Article 49- The Regulation
The executive organism should prepare the Internal
Regulations of the National Adoption Council in a period of 6 months counted
from the publication of this present law in the Official Newspaper.
Article 50-
Upon finalizing the adoption, the adopting party acquires
the parental rights over the adoptee and the adoptee acquires the right to use
the surnames of the adoptive parent(s).
Article 51-
The adoptive parent is not the legal heir of the adoptee,
but the adopted child is the heir of his adoptive parent(s).
If the adoptee is not the heir, he will have the right to a
pension until he reaches legal age by those who are the heirs.
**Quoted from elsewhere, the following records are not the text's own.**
text \<open>Up to scalars, i.e. using only the relations of H_n, the polygon of
  Area_1(\<rho>(w_1) q, p) has the vertices P_1, ..., P_(n-1) of the polygon of Area_n(p, q) followed
  by the images of P_n, ..., P_(2n-2) = P_0 under the isometry T = \<rho>(w_1), and moreover T P_n = P_0
  and T P_(n-1) = P_1. Write both areas as sums over edges of Arg of triple products based at the
  centre of the disc. Moving the base point shows that T changes each edge term only by a
  coboundary g(a) - g(b), so along the T-image of a chain the sum telescopes; the two boundary
  terms that remain cancel against the edges P_0 P_1 and P_(n-1) P_n by antisymmetry.\<close>

section \<open>The hermitian form and points of CP W\<close>

lemma herm_commute: "herm b a = cnj (herm a b)"
  by (simp add: herm_def)

lemma cnj_herm: "cnj (herm a b) = herm b a"
  by (simp add: herm_def)

lemma herm_smult_left: "herm (k *s a) b = k * herm a b"
  by (simp add: herm_def algebra_simps)

lemma herm_smult_right: "herm a (k *s b) = cnj k * herm a b"
  by (simp add: herm_def algebra_simps)

lemma herm_self_eq_of_real_Re: "herm a a = of_real (Re (herm a a))"
  by (simp add: herm_def complex_eq_iff)

lemma proj_eq_refl: "proj_eq a a"
  unfolding proj_eq_def by (intro exI[of _ 1]) simp

lemma proj_eq_sym: "proj_eq a b \<Longrightarrow> proj_eq b a"
  unfolding proj_eq_def
  by (metis nonzero_imp_inverse_nonzero vector_smult_assoc left_inverse vector_smult_lid)

lemma proj_eq_trans: "proj_eq a b \<Longrightarrow> proj_eq b c \<Longrightarrow> proj_eq a c"
  unfolding proj_eq_def by (metis mult_eq_0_iff vector_smult_assoc)

lemma equivp_proj_eq: "equivp proj_eq"
  by (intro equivpI reflpI sympI transpI) (auto intro: proj_eq_refl proj_eq_sym proj_eq_trans)

lemma mproj_eq_imp_proj_eq:
  assumes "mproj_eq A B" shows "proj_eq (A *v x) (B *v x)"
proof -
  obtain c where c: "c \<noteq> 0" "A = (\<chi> i j. c * B$i$j)"
    using assms by (auto simp: mproj_eq_def)
  have "A *v x = c *s (B *v x)"
    unfolding c(2) by (simp add: vec_eq_iff matrix_vector_mult_def sum_distrib_left mult_ac)
  then show ?thesis using c(1) unfolding proj_eq_def by blast
qed

section \<open>Triple products\<close>

definition herm_triple :: "cvec \<Rightarrow> cvec \<Rightarrow> cvec \<Rightarrow> complex" where
  "herm_triple c a b = - (herm c a * herm a b * herm b c)"

definition negative_point :: "cvec \<Rightarrow> bool" where
  "negative_point c \<longleftrightarrow> Re (herm c c) < 0"

definition det2 :: "cvec \<Rightarrow> cvec \<Rightarrow> complex" where
  "det2 x c = x$1 * c$2 - x$2 * c$1"

lemma negative_point_cpt: "negative_point cpt"
  by (simp add: negative_point_def cpt_def herm_def)

lemma negative_point_in_cball: "negative_point c \<Longrightarrow> in_cball c"
  by (auto simp: negative_point_def in_cball_def herm_def)

text \<open>In the coordinates x \<mapsto> (det2 x c, herm x c) adapted to a negative point c, the form
  becomes the standard one of signature (+,-), up to the positive factor -herm c c.\<close>
lemma herm_lagrange_identity:
  "- herm c c * herm a b = det2 a c * cnj (det2 b c) - herm a c * cnj (herm b c)"
  by (simp add: herm_def det2_def algebra_simps)

lemma neg_herm_self_eq_of_real:
  assumes "negative_point c"
  obtains m where "- herm c c = of_real m" "m > 0"
proof
  show "- herm c c = of_real (- Re (herm c c))" by (subst herm_self_eq_of_real_Re) simp
  show "- Re (herm c c) > 0" using assms by (simp add: negative_point_def)
qed

lemma norm_det2_le_norm_herm:
  assumes c: "negative_point c" and x: "Re (herm x x) \<le> 0"
  shows "cmod (det2 x c) \<le> cmod (herm x c)"
proof -
  obtain m where m: "- herm c c = of_real m" "m > 0" using neg_herm_self_eq_of_real[OF c] .
  have e: "of_real m * herm x x = of_real ((cmod (det2 x c))\<^sup>2 - (cmod (herm x c))\<^sup>2)"
    unfolding of_real_diff complex_norm_square m(1)[symmetric] by (rule herm_lagrange_identity)
  have "m * Re (herm x x) = (cmod (det2 x c))\<^sup>2 - (cmod (herm x c))\<^sup>2"
    using arg_cong[OF e, of Re] by simp
  moreover have "m * Re (herm x x) \<le> 0" using m(2) x by (simp add: mult_nonneg_nonpos)
  ultimately show ?thesis by (simp add: power2_le_iff_abs_le)
qed

lemma herm_negative_point_nonzero:
  assumes c: "negative_point c" and a: "in_cball a"
  shows "herm a c \<noteq> 0"
proof
  assume h: "herm a c = 0"
  have d: "det2 a c = 0"
    using norm_det2_le_norm_herm[OF c, of a] a h by (simp add: in_cball_def)
  have "herm c c \<noteq> 0" using c by (auto simp: negative_point_def)
  moreover have "- herm c c * a$1 = cnj (c$2) * det2 a c - c$1 * herm a c"
    and "- herm c c * a$2 = cnj (c$1) * det2 a c - c$2 * herm a c"
    by (simp_all add: herm_def det2_def algebra_simps)
  ultimately have "a$1 = 0" "a$2 = 0" using d h by simp_all
  then have "a = 0" by (simp add: vec_eq_iff forall_2)
  then show False using a by (simp add: in_cball_def)
qed

lemma of_real_minus_eq_0_or_Re_pos:
  assumes "cmod w \<le> r"
  shows "of_real r - w = 0 \<or> Re (of_real r - w) > 0"
proof (cases "Re w = r")
  case True
  then have "cmod w = Re w" using assms complex_Re_le_cmod[of w] by linarith
  then have "Im w = 0" using cmod_power2[of w] by simp
  then show ?thesis using True by (simp add: complex_eq_iff)
next
  case False
  then show ?thesis using assms complex_Re_le_cmod[of w] by simp
qed

text \<open>That is, a triangle with a negative vertex has area in (-\<pi>, \<pi>); this is what makes Arg
  additive in the change of base point below.\<close>
lemma herm_triple_eq_0_or_Re_pos:
  assumes c: "negative_point c" and a: "Re (herm a a) \<le> 0" and b: "Re (herm b b) \<le> 0"
  shows "herm_triple c a b = 0 \<or> Re (herm_triple c a b) > 0"
proof -
  obtain m where m: "- herm c c = of_real m" "m > 0" using neg_herm_self_eq_of_real[OF c] .
  define w where "w = cnj (herm a c) * herm b c * det2 a c * cnj (det2 b c)"
  define r where "r = (cmod (herm a c) * cmod (herm b c))\<^sup>2"
  have "- herm c c * herm_triple c a b = of_real r - w"
  proof -
    have "- herm c c * herm_triple c a b = - (herm c a * (- herm c c * herm a b) * herm b c)"
      by (simp add: herm_triple_def algebra_simps)
    also have "\<dots> = of_real r - w"
      unfolding herm_lagrange_identity r_def w_def power_mult_distrib of_real_mult
        complex_norm_square
      by (simp add: cnj_herm algebra_simps)
    finally show ?thesis .
  qed
  moreover have "cmod w \<le> r"
  proof -
    have "cmod (det2 a c) * cmod (det2 b c) \<le> cmod (herm a c) * cmod (herm b c)"
      using norm_det2_le_norm_herm[OF c] a b by (simp add: mult_mono)
    then show ?thesis
      by (simp add: w_def r_def norm_mult power2_eq_square mult_left_mono mult.assoc)
  qed
  ultimately have "of_real m * herm_triple c a b = 0 \<or> Re (of_real m * herm_triple c a b) > 0"
    using of_real_minus_eq_0_or_Re_pos m(1) by metis
  then show ?thesis using m(2) by (auto simp: zero_less_mult_iff)
qed
lemma borel_measurable_continuous_on_sets_borel:
  fixes f :: "'a::topological_space \<Rightarrow> 'b::topological_space"
  assumes "sets M = sets borel" "continuous_on UNIV f"
  shows "f \<in> borel_measurable M"
  using borel_measurable_continuous_onI[OF assms(2)] measurable_cong_sets[OF assms(1) refl] by blast

lemma sets_pair_measure_borel:
  fixes M :: "'a::second_countable_topology measure" and N :: "'b::second_countable_topology measure"
  assumes "sets M = sets borel" "sets N = sets borel"
  shows "sets (M \<Otimes>\<^sub>M N) = sets borel"
proof -
  have "sets (M \<Otimes>\<^sub>M N) = sets (borel \<Otimes>\<^sub>M borel)"
    by (rule sets_pair_measure_cong[OF assms])
  then show ?thesis by (simp only: borel_prod)
qed

context pair_sigma_finite
begin

lemma integrable_product:
  fixes a b :: "_ \<Rightarrow> real"
  assumes a: "integrable M1 a" and b: "integrable M2 b"
  shows "integrable (M1 \<Otimes>\<^sub>M M2) (\<lambda>z. a (fst z) * b (snd z))"
proof (rule Fubini_integrable)
  show "(\<lambda>z. a (fst z) * b (snd z)) \<in> borel_measurable (M1 \<Otimes>\<^sub>M M2)"
    using a b by measurable
  have "(\<lambda>x. \<integral>y. norm (a (fst (x, y)) * b (snd (x, y))) \<partial>M2) = (\<lambda>x. \<bar>a x\<bar> * (\<integral>y. \<bar>b y\<bar> \<partial>M2))"
    by (simp add: abs_mult)
  then show "integrable M1 (\<lambda>x. \<integral>y. norm (a (fst (x, y)) * b (snd (x, y))) \<partial>M2)"
    using a by simp
  show "AE x in M1. integrable M2 (\<lambda>y. a (fst (x, y)) * b (snd (x, y)))"
    using b by simp
qed
(* Let $(G,M)$ be a transformation group, let $K\subset L\subset N$ be subsets of $M$, and let $\tau$ be an admissible topology on $\mathcal{E}^G_K(L,N)$. Suppose $H$ is a subgroup of $G_K(N)$ and the restriction map $r:G_K(N)\to\mathcal{E}^G_K(L,N)^\tau$, $r(g)=g|_L$, has a local section $s:\mathcal{U}\to H\subset G_K(N)$ at $i_L$. Then: (1) The restriction map $r|_H:H\to\mathcal{E}^H(L,N)^\tau$ is a principal bundle with structure group $H_L$. (2)(i) The topology $\tau$ coincides with the quotient topology induced by $r$. (ii) $\mathcal{E}^H(L,N)^\tau$ is open in $\mathcal{E}^G_K(L,N)^\tau$. (iii) If $H$ is a normal subgroup of $G_K(N)$, then (a) each orbit of $H$ is closed and open in $\mathcal{E}^G_K(L,N)^\tau$ (in particular $\mathcal{E}^H(L,N)^\tau$ is closed and open in $\mathcal{E}^G_K(L,N)^\tau$), and (b) if $H\subset G_K(N)_0$, then $\mathcal{E}^H(L,N)^\tau=\mathcal{E}^G_K(L,N)^\tau_0$.
   Context: A transformation group $(G,M)$ consists of a locally compact, $\sigma$-compact Hausdorff space $M$ and a topological group $G$ acting continuously and effectively on $M$; each $g\in G$ is identified with a homeomorphism of $M$. For subsets $K,N\subset M$: $G_K=\{g\in G:g|_K=\mathrm{id}_K\}$, $G(N)=G_{M\setminus N}$, $G_K(N)=G_K\cap G(N)$; for a subgroup $H$, $H_0$ is the connected component of the identity and $H_L=\{h\in H:h|_L=\mathrm{id}_L\}$. For $K\subset L\subset N$, $\mathcal{E}^G_K(L,N)=\{g|_L:L\to M\mid g\in G_K(N)\}$; $G_K(N)$ acts on it by $g\cdot f=gf$ and $r$ is the orbit map at the inclusion $i_L:L\subset M$. A topology on $\mathcal{E}^G_K(L,N)$ is admissible if this action is continuous; $\mathcal{E}^G_K(L,N)^\tau$ denotes the set with topology $\tau$, and for a subset $\mathcal{F}$, $\mathcal{F}^\tau$ has the subspace topology and $\mathcal{F}^\tau_0$ is the connected component of $i_L$. For a subgroup $H\subset G_K(N)$, $\mathcal{E}^H(L,N)=\{h|_L:h\in H\}$. A local section of a map $f:X\to Y$ at $y$ is a map $s:U\to X$ on a neighborhood $U$ of $y$ with $fs=$ the inclusion of $U$. *)

theory Defs
  imports "HOL-Analysis.Analysis"
begin
lemma sym_binom_tail_above_threshold:
  fixes l :: "nat \<Rightarrow> nat" and u :: "nat \<Rightarrow> real"
  defines "a \<equiv> \<lambda>n. nat (\<lfloor>real (l n) / 2 + sqrt (real (l n)) / 2 * u n\<rfloor> + 1)"
  assumes l_at_top: "filterlim l at_top sequentially"
    and u_at_top: "filterlim u at_top sequentially"
    and u_cube_small: "(\<lambda>n. u n ^ 3 / sqrt (real (l n))) \<longlonglongrightarrow> 0"
  shows "(\<lambda>n. (\<Sum>k=a n..l n. sym_binom (l n) k) * u n * exp (u n ^ 2 / 2)) \<longlonglongrightarrow> 1 / sqrt (2 * pi)"
proof -
  define v where "v n = 2 * (real (a n) - real (l n) / 2) / sqrt (real (l n))" for n
  define \<epsilon> where "\<epsilon> n = 2 / sqrt (real (l n))" for n
  have sqrt_l: "filterlim (\<lambda>n. sqrt (real (l n))) at_top sequentially"
    using filterlim_compose[OF sqrt_at_top filterlim_compose[OF filterlim_real_sequentially l_at_top]]
    by (simp add: o_def)
  have eps: "\<epsilon> \<longlonglongrightarrow> 0"
    unfolding \<epsilon>_def by (rule tendsto_divide_0[OF tendsto_const filterlim_at_top_imp_at_infinity[OF sqrt_l]])
  have "\<forall>\<^sub>F n in sequentially. 1 \<le> u n" "\<forall>\<^sub>F n in sequentially. 4 \<le> sqrt (real (l n))"
    using u_at_top sqrt_l unfolding filterlim_at_top by blast+
  then have ev: "\<forall>\<^sub>F n in sequentially. 1 \<le> u n \<and> 4 \<le> sqrt (real (l n))"
    by (rule eventually_conj)
  have u_small: "(\<lambda>n. u n / sqrt (real (l n))) \<longlonglongrightarrow> 0"
    by (rule tendsto_div_of_cube_div[OF u_cube_small]) (use ev in \<open>auto elim: eventually_mono\<close>)
  have u_eps: "(\<lambda>n. u n * \<epsilon> n) \<longlonglongrightarrow> 0"
    using tendsto_mult_right_zero[OF u_small, where c = 2] by (simp add: \<epsilon>_def ac_simps)
  \<comment> \<open>rounding the threshold up to the lattice moves the rescaled deviation by at most \<epsilon>\<close>
  have close: "\<forall>\<^sub>F n in sequentially. 1 \<le> u n \<and> u n \<le> v n \<and> v n \<le> u n + \<epsilon> n \<and> \<epsilon> n \<le> 1"
    using ev
  proof eventually_elim
    case (elim n)
    define s where "s = real (l n) / 2 + sqrt (real (l n)) / 2 * u n"
    have "0 \<le> s" using elim by (simp add: s_def)
    then have a: "s < real (a n)" "real (a n) \<le> s + 1"
      unfolding a_def s_def[symmetric] by linarith+
    have "sqrt (real (l n)) > 0" using elim by linarith
    then have "v n = u n + \<epsilon> n * (real (a n) - s)"
      by (simp add: v_def \<epsilon>_def s_def field_simps)
    moreover have "0 \<le> \<epsilon> n" "\<epsilon> n \<le> 1"
      using elim \<open>sqrt (real (l n)) > 0\<close> by (simp_all add: \<epsilon>_def field_simps)
    ultimately show ?case
      using elim a mult_left_mono[of "real (a n) - s" 1 "\<epsilon> n"] by auto
  qed
  interpret moderate_deviation l a v
  proof
    show "filterlim v at_top sequentially"
      by (rule filterlim_at_top_mono[OF u_at_top]) (use close in \<open>eventually_elim, simp\<close>)
    show "(\<lambda>n. v n ^ 3 / sqrt (real (l n))) \<longlonglongrightarrow> 0"
    proof (rule tendsto_sandwich[OF _ _ tendsto_const tendsto_mult_right_zero[OF u_cube_small, of 8]])
      show "\<forall>\<^sub>F n in sequentially. 0 \<le> v n ^ 3 / sqrt (real (l n))"
        using close by eventually_elim simp
      show "\<forall>\<^sub>F n in sequentially. v n ^ 3 / sqrt (real (l n)) \<le> 8 * (u n ^ 3 / sqrt (real (l n)))"
        using close
      proof eventually_elim
        case (elim n)
        then have "v n ^ 3 \<le> (2 * u n) ^ 3" by (intro power_mono) auto
        then show ?case by (simp add: divide_right_mono)
      qed
    qed
  qed (simp_all add: v_def l_at_top)
  have "(\<lambda>n. (tail n * v n * exp (v n ^ 2 / 2)) * (u n * exp (u n ^ 2 / 2) / (v n * exp (v n ^ 2 / 2))))
          \<longlonglongrightarrow> 1 / sqrt (2 * pi) * 1"
    using close by (intro tendsto_mult tail_asymp gauss_factor_ratio_tendsto[OF _ eps u_eps])
      (auto elim: eventually_mono)
  moreover have "\<forall>\<^sub>F n in sequentially.
      (tail n * v n * exp (v n ^ 2 / 2)) * (u n * exp (u n ^ 2 / 2) / (v n * exp (v n ^ 2 / 2)))
        = tail n * u n * exp (u n ^ 2 / 2)"
    using close by eventually_elim simp
  ultimately show ?thesis by (simp add: Lim_transform_eventually)
qed

section \<open>Maxima of block sums\<close>

lemma tendsto_one_minus_power:
  fixes T :: "nat \<Rightarrow> real" and m :: "nat \<Rightarrow> nat"
  assumes mT: "(\<lambda>n. real (m n) * T n) \<longlonglongrightarrow> c" and T: "T \<longlonglongrightarrow> 0" "\<And>n. 0 \<le> T n"
  shows "(\<lambda>n. (1 - T n) ^ m n) \<longlonglongrightarrow> exp (- c)"
proof -
  have small: "\<forall>\<^sub>F n in sequentially. T n < 1/2"
    using order_tendstoD(2)[OF T(1), of "1/2"] by simp
  \<comment> \<open>-x - 2x^2 \<le> ln (1 - x) \<le> -x squeezes m ln (1 - T) between -mT - 2 (mT) T and -mT\<close>
  have "(\<lambda>n. real (m n) * ln (1 - T n)) \<longlonglongrightarrow> - c"
  proof (rule tendsto_sandwich)
    show "(\<lambda>n. - (real (m n) * T n) - 2 * ((real (m n) * T n) * T n)) \<longlonglongrightarrow> - c"
      using tendsto_diff[OF tendsto_minus[OF mT] tendsto_mult[OF tendsto_const[of 2] tendsto_mult[OF mT T(1)]]]
      by simp
    show "(\<lambda>n. - (real (m n) * T n)) \<longlonglongrightarrow> - c"
      using tendsto_minus[OF mT] .
    show "\<forall>\<^sub>F n in sequentially. - (real (m n) * T n) - 2 * ((real (m n) * T n) * T n)
                                  \<le> real (m n) * ln (1 - T n)"
      using small
    proof eventually_elim
      case (elim n)
      have "- T n - 2 * (T n)^2 \<le> ln (1 - T n)"
        using elim T(2) by (intro ln_one_minus_pos_lower_bound) auto
      then have "real (m n) * (- T n - 2 * (T n)^2) \<le> real (m n) * ln (1 - T n)"
        by (rule mult_left_mono) simp
      then show ?case by (simp add: algebra_simps power2_eq_square)
    qed
    show "\<forall>\<^sub>F n in sequentially. real (m n) * ln (1 - T n) \<le> - (real (m n) * T n)"
      using small
    proof eventually_elim
      case (elim n)
      have "ln (1 - T n) \<le> - T n"
        using elim T(2) by (intro ln_one_minus_pos_upper_bound) auto
      then have "real (m n) * ln (1 - T n) \<le> real (m n) * (- T n)"
        by (rule mult_left_mono) simp
      then show ?case by simp
    qed
  qed
  then have "(\<lambda>n. exp (real (m n) * ln (1 - T n))) \<longlonglongrightarrow> exp (- c)"
    by (rule tendsto_exp)
  moreover have "\<forall>\<^sub>F n in sequentially. exp (real (m n) * ln (1 - T n)) = (1 - T n) ^ m n"
    using small
  proof eventually_elim
    case (elim n)
    have "exp (real (m n) * ln (1 - T n)) = exp (ln (1 - T n)) ^ m n"
      by (rule exp_of_nat_mult)
    then show ?case using elim by simp
  qed
  ultimately show ?thesis by (rule Lim_transform_eventually)
qed

lemma sum_sym_binom_upto_threshold:
  assumes "nat (\<lfloor>s\<rfloor> + 1) \<le> l"
  shows "(\<Sum>k | k \<le> l \<and> real k \<le> s. sym_binom l k) = 1 - (\<Sum>k = nat (\<lfloor>s\<rfloor> + 1)..l. sym_binom l k)"
proof -
  define a where "a = nat (\<lfloor>s\<rfloor> + 1)"
  have al: "a \<le> l" using assms by (simp add: a_def)
  have iff: "real k \<le> s \<longleftrightarrow> k < a" for k
  proof -
    have "real k \<le> s \<longleftrightarrow> int k \<le> \<lfloor>s\<rfloor>" by (simp add: le_floor_iff)
    also have "\<dots> \<longleftrightarrow> k < a" by (simp add: a_def zless_nat_eq_int_zless)
    finally show ?thesis .
  qed
  have "{k. k \<le> l \<and> real k \<le> s} = {..<a}"
    unfolding iff using al by auto
  moreover have "{..l} = {..<a} \<union> {a..l}"
    using al by auto
  then have "(\<Sum>k\<le>l. sym_binom l k) = (\<Sum>k<a. sym_binom l k) + (\<Sum>k=a..l. sym_binom l k)"
    by (simp add: sum.union_disjoint ivl_disj_int)
  ultimately show ?thesis
    unfolding a_def[symmetric] using sum_sym_binom[of l] by simp
qed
In the case of a willed inheritance, the pensions will only
be given in the part of the goods and the work of the pensioner are unable to
satisfy his necessities.
Article 52-
The adoptee and his natural family conserve their rights of
reciprocal succession. If the adoptee should die before the adopting parents,
or should renounce his inheritance, or be excluded from it, his children do not
have the right of representation or to pensioned by the adopting parent.
Article 53-
If the adopting parent should die, the adoptee returns to
the power of his natural parents, his tutor, or the institution that placed him
for adoption.
Article 54-
The adoption can be terminated by the mutual consent of the
adoptive parent and the adoptee when the latter has reached legal age. It also
can be terminated by a Judicial Declaration of Absolute Nullity.
Article 55-
All modifications that operate in adoption, such as the
suspension or termination of parental rights, declaration of absolute nullity
and other relevant causes should be annotated in the margin of the birth
certificate of the adoptee.
Article 56-
The adoption processes will be transacted by the oral
procedures established in the Civil and Mercantile Process Code and auxiliarily
the dispositions of the referred code, the Civil Code, the Law of Family
Tribunals, Law of the Judicial Organism and International Treaties ratified by
Guatemala in the area of adoptions, in everything which is not expressly
established in this law.
Article 57-
The rehabilitation of the adopting parent in order to
exercise parental rights, leaves in effect the adoption according to the terms
established in the sentence.
TRANSITORY DISPOSITION
Article 58-
The judicial and notarial processes of adoption that are in
process when this law takes effect will continue their transactions following
the procedures established by the law effective at the time of their beginning.
DERROGATORY DISPOSITION
Article 59- Annulment
Chapter 6 of title 2 of book 1 of the Civil Code (Law Decree
106) and thearticles 28, 29, 30, 31, 32, and 33 of the Law Decree 54-77
of the Congressof the Republic are annulled.
Article 60- Entering into Force
This present decree will enter in force the day following
its publication inthe official newspaper.